▶ WHAT YOU HAVE TO DO: Each line that includes the word "complex" should be copied from the records.

▶ Saved entries:
+ + + + + + +

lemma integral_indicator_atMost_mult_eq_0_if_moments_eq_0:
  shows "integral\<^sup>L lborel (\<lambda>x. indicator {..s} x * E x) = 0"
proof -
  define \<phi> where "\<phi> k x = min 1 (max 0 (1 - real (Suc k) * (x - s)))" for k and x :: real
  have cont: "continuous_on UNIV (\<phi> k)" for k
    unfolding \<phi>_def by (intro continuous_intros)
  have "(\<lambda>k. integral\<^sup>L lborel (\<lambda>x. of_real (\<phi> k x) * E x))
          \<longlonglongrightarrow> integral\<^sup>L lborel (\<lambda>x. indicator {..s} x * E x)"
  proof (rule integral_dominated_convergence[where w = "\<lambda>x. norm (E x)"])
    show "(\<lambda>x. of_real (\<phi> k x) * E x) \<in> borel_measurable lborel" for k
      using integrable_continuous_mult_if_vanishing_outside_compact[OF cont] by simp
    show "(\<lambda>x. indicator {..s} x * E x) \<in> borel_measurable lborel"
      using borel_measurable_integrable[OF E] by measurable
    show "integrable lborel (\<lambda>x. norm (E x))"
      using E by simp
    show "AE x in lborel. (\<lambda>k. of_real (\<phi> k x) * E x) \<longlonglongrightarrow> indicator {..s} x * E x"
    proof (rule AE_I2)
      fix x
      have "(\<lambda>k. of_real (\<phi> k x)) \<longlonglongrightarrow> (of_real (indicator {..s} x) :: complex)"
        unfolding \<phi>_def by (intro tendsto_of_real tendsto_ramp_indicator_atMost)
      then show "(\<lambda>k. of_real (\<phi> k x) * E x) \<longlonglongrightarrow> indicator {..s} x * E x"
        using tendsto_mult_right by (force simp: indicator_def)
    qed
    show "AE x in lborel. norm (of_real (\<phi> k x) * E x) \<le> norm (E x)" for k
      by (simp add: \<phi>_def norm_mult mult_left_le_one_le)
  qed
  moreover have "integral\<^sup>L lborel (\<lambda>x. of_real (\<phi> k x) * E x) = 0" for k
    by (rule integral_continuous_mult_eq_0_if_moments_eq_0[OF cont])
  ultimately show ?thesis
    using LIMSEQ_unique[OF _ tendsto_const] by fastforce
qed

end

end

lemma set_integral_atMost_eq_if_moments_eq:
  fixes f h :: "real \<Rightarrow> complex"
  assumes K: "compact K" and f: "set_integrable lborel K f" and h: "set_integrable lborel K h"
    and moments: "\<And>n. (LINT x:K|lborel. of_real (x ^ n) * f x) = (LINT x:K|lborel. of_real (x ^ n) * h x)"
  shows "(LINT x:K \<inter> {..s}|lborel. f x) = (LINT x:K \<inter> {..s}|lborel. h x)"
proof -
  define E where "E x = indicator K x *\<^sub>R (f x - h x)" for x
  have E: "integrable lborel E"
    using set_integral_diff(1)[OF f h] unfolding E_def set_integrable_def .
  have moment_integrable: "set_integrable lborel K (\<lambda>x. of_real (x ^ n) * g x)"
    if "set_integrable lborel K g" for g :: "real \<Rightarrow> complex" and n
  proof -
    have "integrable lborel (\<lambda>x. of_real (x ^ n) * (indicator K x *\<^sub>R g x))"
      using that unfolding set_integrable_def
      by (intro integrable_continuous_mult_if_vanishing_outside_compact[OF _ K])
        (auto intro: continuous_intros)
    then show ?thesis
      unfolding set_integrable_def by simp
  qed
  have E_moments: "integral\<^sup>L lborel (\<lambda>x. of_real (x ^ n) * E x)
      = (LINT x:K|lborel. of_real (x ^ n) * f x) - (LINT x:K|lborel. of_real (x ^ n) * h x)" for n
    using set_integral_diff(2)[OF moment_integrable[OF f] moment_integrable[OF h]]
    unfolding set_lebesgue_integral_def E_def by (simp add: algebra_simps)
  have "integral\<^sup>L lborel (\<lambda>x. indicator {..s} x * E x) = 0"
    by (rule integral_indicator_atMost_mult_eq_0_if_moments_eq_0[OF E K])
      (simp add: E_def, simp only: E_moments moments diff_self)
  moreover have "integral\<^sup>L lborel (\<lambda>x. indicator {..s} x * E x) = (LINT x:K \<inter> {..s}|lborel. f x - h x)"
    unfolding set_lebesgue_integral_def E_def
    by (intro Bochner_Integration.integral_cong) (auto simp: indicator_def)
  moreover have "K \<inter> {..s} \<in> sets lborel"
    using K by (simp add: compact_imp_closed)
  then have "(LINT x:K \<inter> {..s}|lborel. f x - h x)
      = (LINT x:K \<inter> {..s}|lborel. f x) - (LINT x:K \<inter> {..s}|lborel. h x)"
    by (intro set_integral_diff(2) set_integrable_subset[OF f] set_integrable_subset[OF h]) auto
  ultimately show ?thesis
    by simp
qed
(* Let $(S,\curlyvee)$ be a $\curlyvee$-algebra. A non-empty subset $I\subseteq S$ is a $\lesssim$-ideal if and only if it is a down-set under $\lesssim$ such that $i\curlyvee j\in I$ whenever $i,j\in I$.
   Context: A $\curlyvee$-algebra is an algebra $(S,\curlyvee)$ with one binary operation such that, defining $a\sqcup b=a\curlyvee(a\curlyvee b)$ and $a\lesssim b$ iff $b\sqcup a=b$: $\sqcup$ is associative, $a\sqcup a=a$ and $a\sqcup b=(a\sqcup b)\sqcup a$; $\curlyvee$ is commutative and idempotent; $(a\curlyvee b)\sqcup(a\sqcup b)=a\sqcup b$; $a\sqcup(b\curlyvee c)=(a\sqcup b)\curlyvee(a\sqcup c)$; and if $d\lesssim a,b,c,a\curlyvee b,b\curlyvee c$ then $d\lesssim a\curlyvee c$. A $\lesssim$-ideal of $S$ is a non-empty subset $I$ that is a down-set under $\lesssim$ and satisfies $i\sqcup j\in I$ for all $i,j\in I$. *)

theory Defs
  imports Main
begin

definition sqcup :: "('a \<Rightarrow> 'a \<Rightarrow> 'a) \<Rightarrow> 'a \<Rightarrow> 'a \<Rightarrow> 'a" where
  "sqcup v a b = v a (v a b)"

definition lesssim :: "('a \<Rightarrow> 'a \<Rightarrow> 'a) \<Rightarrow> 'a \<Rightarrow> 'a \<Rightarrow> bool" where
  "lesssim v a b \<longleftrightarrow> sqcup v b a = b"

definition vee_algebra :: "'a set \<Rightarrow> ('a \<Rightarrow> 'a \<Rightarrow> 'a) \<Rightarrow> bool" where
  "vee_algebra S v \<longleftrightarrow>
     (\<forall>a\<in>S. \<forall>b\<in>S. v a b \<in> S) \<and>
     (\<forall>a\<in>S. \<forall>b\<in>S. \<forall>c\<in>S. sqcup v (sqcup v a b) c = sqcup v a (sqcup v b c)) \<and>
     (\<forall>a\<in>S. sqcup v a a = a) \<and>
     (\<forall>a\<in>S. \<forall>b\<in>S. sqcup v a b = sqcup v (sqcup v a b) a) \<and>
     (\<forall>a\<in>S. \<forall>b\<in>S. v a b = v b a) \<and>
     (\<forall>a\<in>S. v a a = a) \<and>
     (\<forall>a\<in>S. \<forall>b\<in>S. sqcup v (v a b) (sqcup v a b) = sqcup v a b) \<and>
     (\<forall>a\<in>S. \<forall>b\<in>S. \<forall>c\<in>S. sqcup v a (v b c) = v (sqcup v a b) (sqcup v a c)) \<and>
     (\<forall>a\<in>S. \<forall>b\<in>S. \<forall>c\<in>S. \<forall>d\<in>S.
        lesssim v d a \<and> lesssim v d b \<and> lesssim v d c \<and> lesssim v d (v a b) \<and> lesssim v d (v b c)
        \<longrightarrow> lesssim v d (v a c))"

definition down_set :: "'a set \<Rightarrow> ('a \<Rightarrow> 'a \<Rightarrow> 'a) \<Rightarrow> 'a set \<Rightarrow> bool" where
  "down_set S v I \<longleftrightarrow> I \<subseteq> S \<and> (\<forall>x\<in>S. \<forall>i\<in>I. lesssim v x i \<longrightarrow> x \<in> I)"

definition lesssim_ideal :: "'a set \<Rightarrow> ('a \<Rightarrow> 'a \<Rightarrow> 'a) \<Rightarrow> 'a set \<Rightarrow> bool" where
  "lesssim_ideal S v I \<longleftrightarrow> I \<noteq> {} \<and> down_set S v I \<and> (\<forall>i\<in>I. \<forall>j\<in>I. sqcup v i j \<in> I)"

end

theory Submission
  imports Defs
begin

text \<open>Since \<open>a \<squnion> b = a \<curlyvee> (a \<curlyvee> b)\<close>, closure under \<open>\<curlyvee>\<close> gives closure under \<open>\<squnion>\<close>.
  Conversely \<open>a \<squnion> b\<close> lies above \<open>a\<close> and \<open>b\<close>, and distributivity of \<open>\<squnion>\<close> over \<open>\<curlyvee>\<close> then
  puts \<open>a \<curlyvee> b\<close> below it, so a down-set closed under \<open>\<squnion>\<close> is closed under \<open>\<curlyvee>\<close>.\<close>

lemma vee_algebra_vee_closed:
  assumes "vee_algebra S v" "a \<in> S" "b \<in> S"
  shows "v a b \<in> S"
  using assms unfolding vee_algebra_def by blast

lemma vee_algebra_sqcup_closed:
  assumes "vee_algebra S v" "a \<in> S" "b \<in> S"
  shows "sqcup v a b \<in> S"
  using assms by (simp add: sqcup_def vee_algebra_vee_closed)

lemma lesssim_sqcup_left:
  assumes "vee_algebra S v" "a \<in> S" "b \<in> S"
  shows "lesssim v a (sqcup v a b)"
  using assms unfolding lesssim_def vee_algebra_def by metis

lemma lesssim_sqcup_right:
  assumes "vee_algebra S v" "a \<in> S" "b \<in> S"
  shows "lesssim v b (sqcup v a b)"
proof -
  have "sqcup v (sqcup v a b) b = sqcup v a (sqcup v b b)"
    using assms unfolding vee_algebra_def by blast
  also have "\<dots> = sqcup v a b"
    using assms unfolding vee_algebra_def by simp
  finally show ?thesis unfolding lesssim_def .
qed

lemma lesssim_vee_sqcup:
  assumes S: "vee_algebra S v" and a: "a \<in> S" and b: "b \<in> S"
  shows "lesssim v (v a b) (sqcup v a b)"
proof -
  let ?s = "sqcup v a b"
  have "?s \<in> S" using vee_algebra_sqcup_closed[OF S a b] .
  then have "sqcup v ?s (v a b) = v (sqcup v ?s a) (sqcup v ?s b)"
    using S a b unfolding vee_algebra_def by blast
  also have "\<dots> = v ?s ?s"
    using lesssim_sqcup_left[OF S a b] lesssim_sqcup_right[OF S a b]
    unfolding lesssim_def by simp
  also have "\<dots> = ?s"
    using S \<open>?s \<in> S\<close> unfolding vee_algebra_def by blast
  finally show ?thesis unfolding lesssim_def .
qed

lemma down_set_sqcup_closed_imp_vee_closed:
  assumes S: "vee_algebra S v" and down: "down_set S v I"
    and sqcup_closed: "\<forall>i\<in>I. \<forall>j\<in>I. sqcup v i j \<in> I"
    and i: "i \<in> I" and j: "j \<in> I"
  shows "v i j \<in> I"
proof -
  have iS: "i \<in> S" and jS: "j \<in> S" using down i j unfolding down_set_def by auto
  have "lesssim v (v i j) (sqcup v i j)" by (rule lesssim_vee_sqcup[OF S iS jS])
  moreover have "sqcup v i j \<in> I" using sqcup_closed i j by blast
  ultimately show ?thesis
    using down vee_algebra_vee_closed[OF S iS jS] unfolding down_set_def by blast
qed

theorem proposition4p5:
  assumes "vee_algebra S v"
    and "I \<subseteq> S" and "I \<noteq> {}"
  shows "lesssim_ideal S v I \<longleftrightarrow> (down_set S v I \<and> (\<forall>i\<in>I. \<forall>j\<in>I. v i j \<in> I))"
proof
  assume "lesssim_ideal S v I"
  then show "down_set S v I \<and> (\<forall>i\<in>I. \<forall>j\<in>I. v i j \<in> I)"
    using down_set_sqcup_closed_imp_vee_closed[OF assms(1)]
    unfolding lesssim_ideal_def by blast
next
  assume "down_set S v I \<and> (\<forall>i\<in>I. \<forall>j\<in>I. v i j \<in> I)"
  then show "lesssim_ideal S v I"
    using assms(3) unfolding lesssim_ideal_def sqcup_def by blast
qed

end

+ + + + + + +

▶ RESPONSE BELOW:
      have "(\<lambda>k. of_real (\<phi> k x)) \<longlonglongrightarrow> (of_real (indicator {..s} x) :: complex)"
  fixes f h :: "real \<Rightarrow> complex"
    if "set_integrable lborel K g" for g :: "real \<Rightarrow> complex" and n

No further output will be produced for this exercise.